In contrast to space activities that relate to national security, including the geopolitical standing of the Unites States among competing states and ideologies, there exists great potential for investor-driven commercial enterprises related to space. Commercial communications satellites remain the best example of the realization of this potential. Lunar helium-3 fusion power may someday reach and surpass this level of true commercialization. The key to such enterprises is that they are “investor-driven” even though their technology base may include earlier development activities by the United States government.

In contrast to this normal definition of space commercialization, the President and NASA want to create a totally taxpayer subsidized rocket and spacecraft capability and call it “commercial”, hoping that it would include acceptable and affordable means of taking astronauts to the Space Station. Do we really want to put all our national space access eggs in the one basket of unproven, fully subsidized launch capabilities with limited independent oversight? What happens if a risk adverse NASA and Congress eventually make those potential capabilities unaffordable and unattractive to non-NASA customers? The Board of any reputable investor-owned company must ask exactly this last question.

The Founders did not expect the Federal Government to fund activities beyond those applicable to specified powers of Congress and the President, such as those powers required for direct and indirect applications to our “common defence.” This constitutional line between true commercialization and national defense is a very useful line to draw. Indeed, earlier federal aeronautical and satellite communications technology development drew this line carefully by funding technology development and not actual commercial products based on such technology. These technologies often have been critical to national security, but their application in commercial activities has been left largely to investor-driven decisions.

Advocacy of extra-constitutional “investments” (read “subsidies”) by government in ventures aimed at commercial applications, even to meet a non-defense federal requirement, reflects a desire for more federal control of private enterprise rather than belief in the realities of the market place. Few, if any, past successes for this approach can be identified. Even those past federal “commercial” investments with constitutional justification, such as the Transcontinental Railroad, ended up being very messy and corrupt.

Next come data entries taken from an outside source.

text \<open>Every \<open>e\<close>-ball around \<open>x\<close> contains a \<open>d\<close>-ball, so for each \<open>h > 0\<close> some
  \<open>r \<in> R\<close> gives \<open>e x (y r) < h\<close>.\<close>

lemma coinitial_arc_classes_of_converging_points:
  fixes d :: "'a \<Rightarrow> 'a \<Rightarrow> 'g::linordered_ab_group_add" and e :: "'a \<Rightarrow> 'a \<Rightarrow> 'h::linordered_ab_group_add"
  assumes d: "d \<in> Met X" and e: "e \<in> Met X" and x: "x \<in> topspace X"
    and R: "coinitial {r. 0 < r} (\<le>) R"
    and y: "\<And>r. r \<in> R \<Longrightarrow> y r \<in> topspace X \<and> y r \<noteq> x \<and> d x (y r) < r"
  shows "coinitial ((Arc_bot :: 'h set option set) - {None}) arc_bot_le
           ((\<lambda>r. Some (arc_class (e x (y r)))) ` R)"
proof -
  have metric: "is_Gmetric (topspace X) e" using e unfolding Met_def by blast
  have e_pos: "0 < e x (y r)" if "r \<in> R" for r
    using is_GmetricD(2)[OF metric x] y[OF that] by metis
  have "\<exists>r\<in>R. arc_bot_le (Some (arc_class (e x (y r)))) (Some (arc_class h))" if h: "0 < h" for h
  proof -
    have "x \<in> gball (topspace X) e x h"
      unfolding gball_def using x h is_GmetricD(1)[OF metric x x] by simp
    then obtain g where g: "0 < g" "gball (topspace X) d x g \<subseteq> gball (topspace X) e x h"
      using Met_openin_contains_gball[OF d Met_openin_gball[OF e x h]] by blast
    obtain r where r: "r \<in> R" "r \<le> g" using R g(1) unfolding coinitial_def by blast
    then have "y r \<in> gball (topspace X) e x h"
      using g(2) y[OF r(1)] unfolding gball_def by fastforce
    then have "bounded_by_multiple (e x (y r)) h"
      unfolding gball_def by (simp add: bounded_by_multiple_if_le less_imp_le)
    then have "arc_bot_le (Some (arc_class (e x (y r)))) (Some (arc_class h))"
      using e_pos[OF r(1)] h by (simp add: arc_le_arc_class_iff)
    then show ?thesis using r(1) by blast
  qed
  moreover have "Some (arc_class (e x (y r))) \<in> (Arc_bot :: 'h set option set) - {None}" if "r \<in> R" for r
    using e_pos[OF that] Arc_bot_nonbot_iff by blast
  moreover have "\<exists>h>0. t = Some (arc_class h)" if "t \<in> (Arc_bot :: 'h set option set) - {None}" for t
    using that Arc_bot_nonbot_iff by blast
  ultimately show ?thesis unfolding coinitial_def by fast
qed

NASA’s chartered function, unfortunately not recognized by the current Administration, remains that of maintaining America as the international leader in all major aspects of space exploration and promoting space technology development, some of which may have commercial as well as defense applications. The private sector’s function remains two fold: that of being dedicated contractors fulfilling NASA constitutional requirements and that of commercializing space technologies. NASA’s function is not that of being a total substitute for investors whether or not it may be a future customer for those investors.

The right and continuing space policy choice for the Congress of the United States remains as previously approved by Democrats and Republicans alike. Returning to the Moon compares in significance to President Jefferson’s dispatch of Lewis and Clark into wilderness of the Louisiana Purchase. Jefferson’s decision had unquestioned and critical significance to American growth and survival. As with the American West, human exploration of space embodies basic human instincts— freedom, curiosity, and betterment of one’s conditions. America’s unique and special society of immigrants still has such instincts at its core.